日本の魅力的な商品を海外に届けたいと考える企業や自治体は増えていますが、越境EC(国境を越えた電子商取引)には、言葉や文化の壁、そして現地の消費者に響くPRコンテンツの制作コストなど、多くの課題が立ちはだかります。特にアジア市場は多様性に富んでおり、それぞれの地域に合わせたきめ細やかなアプローチが求められます。このような状況の中、テックファームグループの株式会社WeAgri(以下、WeAgri)が、AI(人工知能)を駆使した画期的なマーケティングサービスの提供を2025年12月1日より開始しました。この新サービスは、AI初心者の方にも理解しやすいように、越境ECの現場で直面する課題をどのように解決し、アジア市場への展開を強力にサポートするのかを詳しくご紹介します。

越境ECが抱えるPRの課題をAIで解決するWeAgriの新サービス
近年、多くの日本メーカーがアジア市場への展開を模索していますが、「現地消費者への伝え方」や「販路開拓」に課題を抱え、なかなか成果に繋がっていないのが現状です。特に、言語や文化の壁を越えて商品を魅力的に伝える「クリエイティブ」、つまり広告や宣伝の素材の重要性が高まっています。従来のPR手法では、多言語対応の専門家を雇ったり、動画制作会社に依頼したりと、時間もコストもかかりがちでした。
WeAgriが提供を開始した新サービスは、これらの課題に対し、AIの力を活用して新たな突破口を開きます。グループ内で培ってきたAI音声生成技術の知見を応用し、動画や音声を用いたEC販促を、より手軽に、そして効果的に実現することを目的としています。市場に精通したWeAgriのマーケティング力と、グループ会社であるテックファームの先進的なAI技術が融合することで、アジアへの展開を目指すメーカー、商工支援団体、地方自治体などを強力にサポートします。

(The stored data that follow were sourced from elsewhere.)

(* $17\notin\operatorname{Spec}(32_{65})$.
   Context: $32_{65}$ is the finite integral symmetric relation algebra with atoms $1'$, $a$, $b$, $c$, all symmetric, in which a diversity cycle $xyz$ (with $x,y,z\in\{a,b,c\}$) is mandatory (i.e. $x;y\ge z$) if it involves $a$ and forbidden (i.e. $x;y\cdot z=0$) otherwise. A representation over a set $U$ is an embedding into the full relation algebra on $U\times U$. $\operatorname{Spec}(A)$ is the set of cardinals $\alpha\le\omega$ such that $A$ has a representation over a set of cardinality $\alpha$. *)

theory Defs
  imports Main
begin

datatype atom = One | At_a | At_b | At_c

text \<open>All atoms are symmetric.  For diversity atoms x y z, the cycle xyz is mandatory
  (x;y \<ge> z) iff it involves a, and forbidden otherwise.  x;y \<ge> 1' iff y = x (converse of x).\<close>
fun atom_comp :: "atom \<Rightarrow> atom \<Rightarrow> atom set" where
  "atom_comp One y = {y}"
| "atom_comp x One = {x}"
| "atom_comp x y =
     {z. (z = One \<and> x = y) \<or>
         (z \<noteq> One \<and> (x = At_a \<or> y = At_a \<or> z = At_a))}"

text \<open>The (complex) algebra: elements are sets of atoms.\<close>
definition ra_comp :: "atom set \<Rightarrow> atom set \<Rightarrow> atom set" where
  "ra_comp S T = (\<Union>x\<in>S. \<Union>y\<in>T. atom_comp x y)"

definition ra_conv :: "atom set \<Rightarrow> atom set" where
  "ra_conv S = S"

definition ra_id :: "atom set" where
  "ra_id = {One}"

definition representation :: "'u set \<Rightarrow> (atom set \<Rightarrow> ('u \<times> 'u) set) \<Rightarrow> bool" where
  "representation U h \<longleftrightarrow>
     inj h \<and>
     (\<forall>S. h S \<subseteq> U \<times> U) \<and>
     (\<forall>S T. h (S \<union> T) = h S \<union> h T) \<and>
     (\<forall>S. h (- S) = (U \<times> U) - h S) \<and>
     (\<forall>S T. h (ra_comp S T) = h S O h T) \<and>
     (\<forall>S. h (ra_conv S) = converse (h S)) \<and>
     h ra_id = Id_on U"

text \<open>Finite part of the spectrum: sizes n of finite sets over which 32_65 is representable
  (any finite set is in bijection with a set of naturals of the same size).\<close>
definition spec_fin :: "nat set" where
  "spec_fin = {n. \<exists>(U::nat set) h. finite U \<and> card U = n \<and> representation U h}"

end

theory Submission
  imports Defs
begin

text \<open>Fix a point x of a finite representation and let P, Q, R be its sets of b-, c- and
  a-neighbours; together with x they partition U.  The forbidden cycles say that two steps along
  b or c between distinct points always end in an a-edge; the mandatory cycles then force every
  point to have at least four b- and four c-neighbours.  So each y \<in> P has at least 7 neighbours
  along b or c inside R, while each w \<in> R misses some point of P, because a;b \<ge> a gives an
  a-edge from w into P.  Counting the b/c-edges between P and R yields
  7|P| \<le> |R|(|P| - 1), which together with |P|, |Q| \<ge> 4 forces |U| = 1 + |P| + |Q| + |R| \<ge> 19.\<close>

lemma card_le_mult_by_double_counting:
  fixes E :: "('a \<times> 'b) set"
  assumes "finite P" "finite R"
    and "\<And>y. y \<in> P \<Longrightarrow> m \<le> card {w \<in> R. (y, w) \<in> E}"
    and "\<And>w. w \<in> R \<Longrightarrow> card {y \<in> P. (y, w) \<in> E} \<le> k"
  shows "m * card P \<le> k * card R"
proof -
  have "m * card P \<le> (\<Sum>y\<in>P. card {w \<in> R. (y, w) \<in> E})"
    using sum_mono[of P "\<lambda>_. m"] assms(3) by (simp add: mult.commute)
  also have "\<dots> = (\<Sum>y\<in>P. \<Sum>w\<in>R. of_bool ((y, w) \<in> E))"
    using assms(2) by (simp add: sum_of_bool_eq Collect_conj_eq)
  also have "\<dots> = (\<Sum>w\<in>R. \<Sum>y\<in>P. of_bool ((y, w) \<in> E))"
    by (rule sum.swap)
  also have "\<dots> = (\<Sum>w\<in>R. card {y \<in> P. (y, w) \<in> E})"
    using assms(1) by (simp add: sum_of_bool_eq Collect_conj_eq)
  also have "\<dots> \<le> k * card R"
    using sum_mono[of R _ "\<lambda>_. k"] assms(4) by (simp add: mult.commute)
  finally show ?thesis .
qed

lemma ge_19_if_double_count:
  fixes p q r :: nat
  assumes "4 \<le> p" "4 \<le> q" "7 * p \<le> r * (p - 1)"
  shows "19 \<le> 1 + p + q + r"
proof (rule ccontr)
  assume "\<not> 19 \<le> 1 + p + q + r"
  hence "r \<le> 13 - p" "p \<le> 13" using assms(2) by linarith+
  hence "r * (p - 1) \<le> (13 - p) * (p - 1)" by (intro mult_right_mono) auto
  hence "int (r * (p - 1)) \<le> int ((13 - p) * (p - 1))" by (simp only: of_nat_le_iff)
  also have "\<dots> = (13 - int p) * (int p - 1)"
    using \<open>p \<le> 13\<close> assms(1) by (simp add: of_nat_diff)
  also have "\<dots> = 7 * int p - ((int p - 4) * (int p - 3) + 1)"
    by (simp add: algebra_simps)
  also have "\<dots> < 7 * int p"
    using assms(1) mult_nonneg_nonneg[of "int p - 4" "int p - 3"] by linarith
  finally show False using assms(3) by linarith
qed

lemma atom_cases: "z = One \<or> z = At_a \<or> z = At_b \<or> z = At_c"
  by (cases z) auto

lemma atom_comp_bc_subset: "x \<in> {At_b, At_c} \<Longrightarrow> y \<in> {At_b, At_c} \<Longrightarrow> atom_comp x y \<subseteq> {One, At_a}"
  by auto

lemma At_a_mem_atom_comp: "x \<noteq> One \<Longrightarrow> y \<noteq> One \<Longrightarrow> At_a \<in> atom_comp x y"
  by (cases x; cases y) auto

locale represented =
  fixes U :: "'u set" and h :: "atom set \<Rightarrow> ('u \<times> 'u) set"
  assumes representation: "representation U h"
begin

lemma h_subset: "h S \<subseteq> U \<times> U"
  using representation unfolding representation_def by simp

lemma h_Un: "h (S \<union> T) = h S \<union> h T"
  using representation unfolding representation_def by simp

lemma h_Compl: "h (- S) = U \<times> U - h S"
  using representation unfolding representation_def by simp

lemma h_ra_comp: "h (ra_comp S T) = h S O h T"
  using representation unfolding representation_def by simp

lemma h_One: "h {One} = Id_on U"
  using representation unfolding representation_def ra_id_def by simp

lemma h_inj: "inj h"
  using representation unfolding representation_def by simp

lemma h_converse: "h S = converse (h S)"
  using representation unfolding representation_def ra_conv_def by (elim conjE allE) assumption

lemma h_sym: "(u, v) \<in> h S \<Longrightarrow> (v, u) \<in> h S"
  using h_converse[of S] by (metis converse_iff)

lemma h_mono:
  assumes "S \<subseteq> T"
  shows "h S \<subseteq> h T"
proof -
  have "h T = h S \<union> h T" using h_Un[of S T] assms by (simp add: Un_absorb1)
  thus ?thesis by blast
qed

lemma h_disjoint: "S \<inter> T = {} \<Longrightarrow> h S \<inter> h T = {}"
  using h_mono[of S "- T"] h_Compl[of T] by blast

lemma h_atom_comp: "h {x} O h {y} = h (atom_comp x y)"
proof -
  have "ra_comp {x} {y} = atom_comp x y" by (simp add: ra_comp_def)
  thus ?thesis using h_ra_comp[of "{x}" "{y}"] by simp
qed

lemma atom_unique:
  assumes "(u, v) \<in> h {z}" "(u, v) \<in> h {z'}"
  shows "z = z'"
proof (rule ccontr)
  assume "z \<noteq> z'"
  hence "h {z} \<inter> h {z'} = {}" by (intro h_disjoint) simp
  thus False using assms by blast
qed

lemma diversity_edge:
  assumes "u \<in> U" "v \<in> U" "u \<noteq> v"
  shows "(u, v) \<in> h {At_a} \<union> h {At_b} \<union> h {At_c}"
proof -
  have atoms: "(UNIV :: atom set) = {One} \<union> {At_a} \<union> {At_b} \<union> {At_c}"
    using atom_cases by blast
  have "h UNIV = U \<times> U"
    using h_Compl[of "{}"] h_disjoint[of "{}" "{}"] by simp
  hence "(u, v) \<in> h UNIV" using assms(1,2) by simp
  hence "(u, v) \<in> h {One} \<union> h {At_a} \<union> h {At_b} \<union> h {At_c}"
    by (simp only: atoms h_Un)
  moreover have "(u, v) \<notin> h {One}" by (simp add: h_One Id_on_iff assms(3))
  ultimately show ?thesis by blast
qed

lemma mandatory_triangle:
  assumes "(u, v) \<in> h {z}" "z \<in> atom_comp x y"
  obtains k where "(u, k) \<in> h {x}" "(k, v) \<in> h {y}"
proof -
  have "h {z} \<subseteq> h (atom_comp x y)" using assms(2) by (intro h_mono) simp
  thus thesis using assms(1) that h_atom_comp[of x y] by blast
qed

lemma At_a_edge_exists:
  assumes "u \<in> U"
  obtains w where "(u, w) \<in> h {At_a}"
  using mandatory_triangle[of u u One At_a At_a] assms h_One by auto

lemma bc_path_At_a:
  assumes "(u, v) \<in> h {x}" "(v, w) \<in> h {y}" "x \<in> {At_b, At_c}" "y \<in> {At_b, At_c}" "u \<noteq> w"
  shows "(u, w) \<in> h {At_a}"
proof -
  have "(u, w) \<in> h (atom_comp x y)" using assms(1,2) h_atom_comp by blast
  also have "\<dots> \<subseteq> h {One, At_a}" by (rule h_mono[OF atom_comp_bc_subset[OF assms(3,4)]])
  also have "\<dots> = h {One} \<union> h {At_a}" using h_Un[of "{One}" "{At_a}"] by (simp add: insert_commute)
  finally show ?thesis using assms(5) h_One by auto
qed

definition nbhd :: "atom \<Rightarrow> 'u \<Rightarrow> 'u set" where
  "nbhd z u = {v. (u, v) \<in> h {z}}"

lemma finite_nbhd: "finite U \<Longrightarrow> finite (nbhd z u)"
  unfolding nbhd_def using h_subset[of "{z}"] by (auto intro: finite_subset)

lemma nbhd_disjoint: "z \<noteq> z' \<Longrightarrow> nbhd z u \<inter> nbhd z' u = {}"
  unfolding nbhd_def using atom_unique by blast

lemma card_split:
  assumes "finite U" "u \<in> U"
  shows "card U = 1 + card (nbhd At_b u) + card (nbhd At_c u) + card (nbhd At_a u)"
proof -
  have "U = insert u (nbhd At_b u \<union> nbhd At_c u \<union> nbhd At_a u)"
    using assms(2) h_subset diversity_edge[OF assms(2)] unfolding nbhd_def by blast
  moreover have "u \<notin> nbhd At_b u \<union> nbhd At_c u \<union> nbhd At_a u"
    using assms(2) h_One atom_unique unfolding nbhd_def by blast
  moreover have "card (nbhd At_b u \<union> nbhd At_c u \<union> nbhd At_a u)
      = card (nbhd At_b u) + card (nbhd At_c u) + card (nbhd At_a u)"
    using nbhd_disjoint[of At_b At_c u] nbhd_disjoint[of At_b At_a u]
      nbhd_disjoint[of At_c At_a u] finite_nbhd[OF assms(1)]
    by (simp add: card_Un_disjoint Int_Un_distrib2)
  ultimately show ?thesis using finite_nbhd[OF assms(1)] by simp
qed

lemma card_nbhd_ge_4:
  assumes "finite U" "x \<in> U"
    and bc: "x1 \<in> {At_b, At_c}" "x2 \<in> {At_b, At_c}" "x1 \<noteq> x2"
  shows "4 \<le> card (nbhd x1 x)"
proof -
  have ne: "x1 \<noteq> One" "x2 \<noteq> One" "x1 \<noteq> At_a" "x2 \<noteq> At_a" using bc by auto
  obtain w where xw: "(x, w) \<in> h {At_a}" using At_a_edge_exists assms(2) .
  obtain k1 where k1: "(x, k1) \<in> h {x1}" "(k1, w) \<in> h {x1}"
    using mandatory_triangle[OF xw At_a_mem_atom_comp] ne by metis
  obtain k2 where k2: "(x, k2) \<in> h {x1}" "(k2, w) \<in> h {x2}"
    using mandatory_triangle[OF xw At_a_mem_atom_comp] ne by metis
  have "k1 \<noteq> k2" using k1 k2 atom_unique bc by blast
  hence k1k2: "(k1, k2) \<in> h {At_a}"
    using bc_path_At_a[OF h_sym[OF k1(1)] k2(1)] bc by blast
  obtain w' where w': "(k1, w') \<in> h {x2}" "(w', k2) \<in> h {x2}"
    using mandatory_triangle[OF k1k2 At_a_mem_atom_comp] ne by metis
  have "x \<noteq> w'" using k1 w' atom_unique h_sym bc by blast
  hence xw': "(x, w') \<in> h {At_a}"
    using bc_path_At_a[OF k1(1) w'(1)] bc by blast
  obtain k3 where k3: "(x, k3) \<in> h {x1}" "(k3, w') \<in> h {x1}"
    using mandatory_triangle[OF xw' At_a_mem_atom_comp] ne by metis
  obtain k4 where k4: "(w', k4) \<in> h {At_a}" "(k4, x) \<in> h {x1}"
    using mandatory_triangle[OF h_sym[OF xw'] At_a_mem_atom_comp] ne atom.distinct(1) by metis
  \<comment> \<open>k1, k2 differ in their edges to w; k1 and k2, k3, k4 differ in their edges to w'.\<close>
  have "k1 \<noteq> k3" "k2 \<noteq> k3" "k1 \<noteq> k4" "k2 \<noteq> k4" "k3 \<noteq> k4"
    using k1 k2 k3 k4 w' atom_unique h_sym ne bc by blast+
  hence "card {k1, k2, k3, k4} = 4" using \<open>k1 \<noteq> k2\<close> by simp
  moreover have "{k1, k2, k3, k4} \<subseteq> nbhd x1 x"
    using k1 k2 k3 k4 h_sym unfolding nbhd_def by blast
  ultimately show ?thesis
    using card_mono[OF finite_nbhd[OF assms(1)]] by metis
qed

definition bc_edges :: "('u \<times> 'u) set" where
  "bc_edges = h {At_b} \<union> h {At_c}"

lemma card_bc_edges_into_At_a_nbhd:
  assumes "finite U" "x \<in> U" "y \<in> nbhd At_b x"
  shows "7 \<le> card {w \<in> nbhd At_a x. (y, w) \<in> bc_edges}"
proof -
  define N where "N = nbhd At_b y \<union> nbhd At_c y"
  have yU: "y \<in> U" using assms(3) h_subset unfolding nbhd_def by blast
  have "8 \<le> card N"
    using card_nbhd_ge_4[OF assms(1) yU, of At_b At_c] card_nbhd_ge_4[OF assms(1) yU, of At_c At_b]
      nbhd_disjoint[of At_b At_c y] finite_nbhd[OF assms(1)]
    unfolding N_def by (simp add: card_Un_disjoint)
  moreover have "card N \<le> Suc (card (N - {x}))"
    by (cases "x \<in> N") (simp_all add: card_Diff_singleton_if)
  moreover have "N - {x} \<subseteq> {w \<in> nbhd At_a x. (y, w) \<in> bc_edges}"
  proof
    fix w assume w: "w \<in> N - {x}"
    then obtain z where z: "z \<in> {At_b, At_c}" "(y, w) \<in> h {z}"
      unfolding N_def nbhd_def by blast
    have "(x, y) \<in> h {At_b}" using assms(3) unfolding nbhd_def by blast
    hence "(x, w) \<in> h {At_a}" using bc_path_At_a z w by blast
    thus "w \<in> {w \<in> nbhd At_a x. (y, w) \<in> bc_edges}"
      using z unfolding nbhd_def bc_edges_def by blast
  qed
  hence "card (N - {x}) \<le> card {w \<in> nbhd At_a x. (y, w) \<in> bc_edges}"
    using finite_nbhd[OF assms(1)] by (intro card_mono) auto
  ultimately show ?thesis by linarith
qed

lemma card_bc_edges_from_At_b_nbhd:
  assumes "finite U" "w \<in> nbhd At_a x"
  shows "card {y \<in> nbhd At_b x. (y, w) \<in> bc_edges} \<le> card (nbhd At_b x) - 1"
proof -
  have "(w, x) \<in> h {At_a}" using assms(2) h_sym unfolding nbhd_def by blast
  then obtain k where k: "(w, k) \<in> h {At_a}" "(k, x) \<in> h {At_b}"
    using mandatory_triangle At_a_mem_atom_comp by (metis atom.distinct(1,3))
  have "k \<in> nbhd At_b x" using k(2) h_sym unfolding nbhd_def by blast
  have "{y \<in> nbhd At_b x. (y, w) \<in> bc_edges} \<subseteq> nbhd At_b x - {k}"
    using k(1) h_sym atom_unique unfolding bc_edges_def by blast
  hence "card {y \<in> nbhd At_b x. (y, w) \<in> bc_edges} \<le> card (nbhd At_b x - {k})"
    using finite_nbhd[OF assms(1)] by (intro card_mono) auto
  also have "\<dots> = card (nbhd At_b x) - 1"
    using \<open>k \<in> nbhd At_b x\<close> by simp
  finally show ?thesis .
qed

theorem card_ge_19:
  assumes "finite U"
  shows "19 \<le> card U"
proof -
  have "U \<noteq> {}"
  proof
    assume "U = {}"
    hence "h {} = h UNIV" using h_subset by blast
    thus False using h_inj by (simp add: inj_eq)
  qed
  then obtain x where x: "x \<in> U" by blast
  have "7 * card (nbhd At_b x) \<le> (card (nbhd At_b x) - 1) * card (nbhd At_a x)"
    by (rule card_le_mult_by_double_counting[OF finite_nbhd[OF assms] finite_nbhd[OF assms]])
      (erule card_bc_edges_into_At_a_nbhd[OF assms x], erule card_bc_edges_from_At_b_nbhd[OF assms])
  hence "19 \<le> 1 + card (nbhd At_b x) + card (nbhd At_c x) + card (nbhd At_a x)"
    using ge_19_if_double_count card_nbhd_ge_4[OF assms x, of At_b At_c]
      card_nbhd_ge_4[OF assms x, of At_c At_b] by (simp add: mult.commute)
  thus ?thesis using card_split[OF assms x] by simp
qed

end

theorem mainTheorem10:
  shows "(17::nat) \<notin> spec_fin"
proof
  assume "(17::nat) \<in> spec_fin"
  then obtain U :: "nat set" and h where "finite U" "card U = 17" "representation U h"
    unfolding spec_fin_def by blast
  thus False using represented.card_ge_19[OF represented.intro] by fastforce
qed

end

AIが変える越境ECマーケティング:動画・音声コンテンツの自動生成とは?
この新サービスの最大の特長は、AIによる動画・音声コンテンツの自動生成です。AIが、まるでプロのクリエイターのように、限られた画像やテキスト情報から魅力的なPR動画や自然な音声による商品紹介を作り出します。
短時間で楽しめるショート動画とPodcast形式のPRコンテンツ
現代の消費者は、スマートフォンで手軽に情報を得ることに慣れています。特に、短時間で気軽に楽しめるショート動画や、移動中や作業中に「ながら聞き」できるPodcast形式の音声コンテンツは、その人気が高まっています。WeAgriの新サービスでは、これらのトレンドに対応し、AIが自動でショート動画やPodcast形式のPRコンテンツを生成できます。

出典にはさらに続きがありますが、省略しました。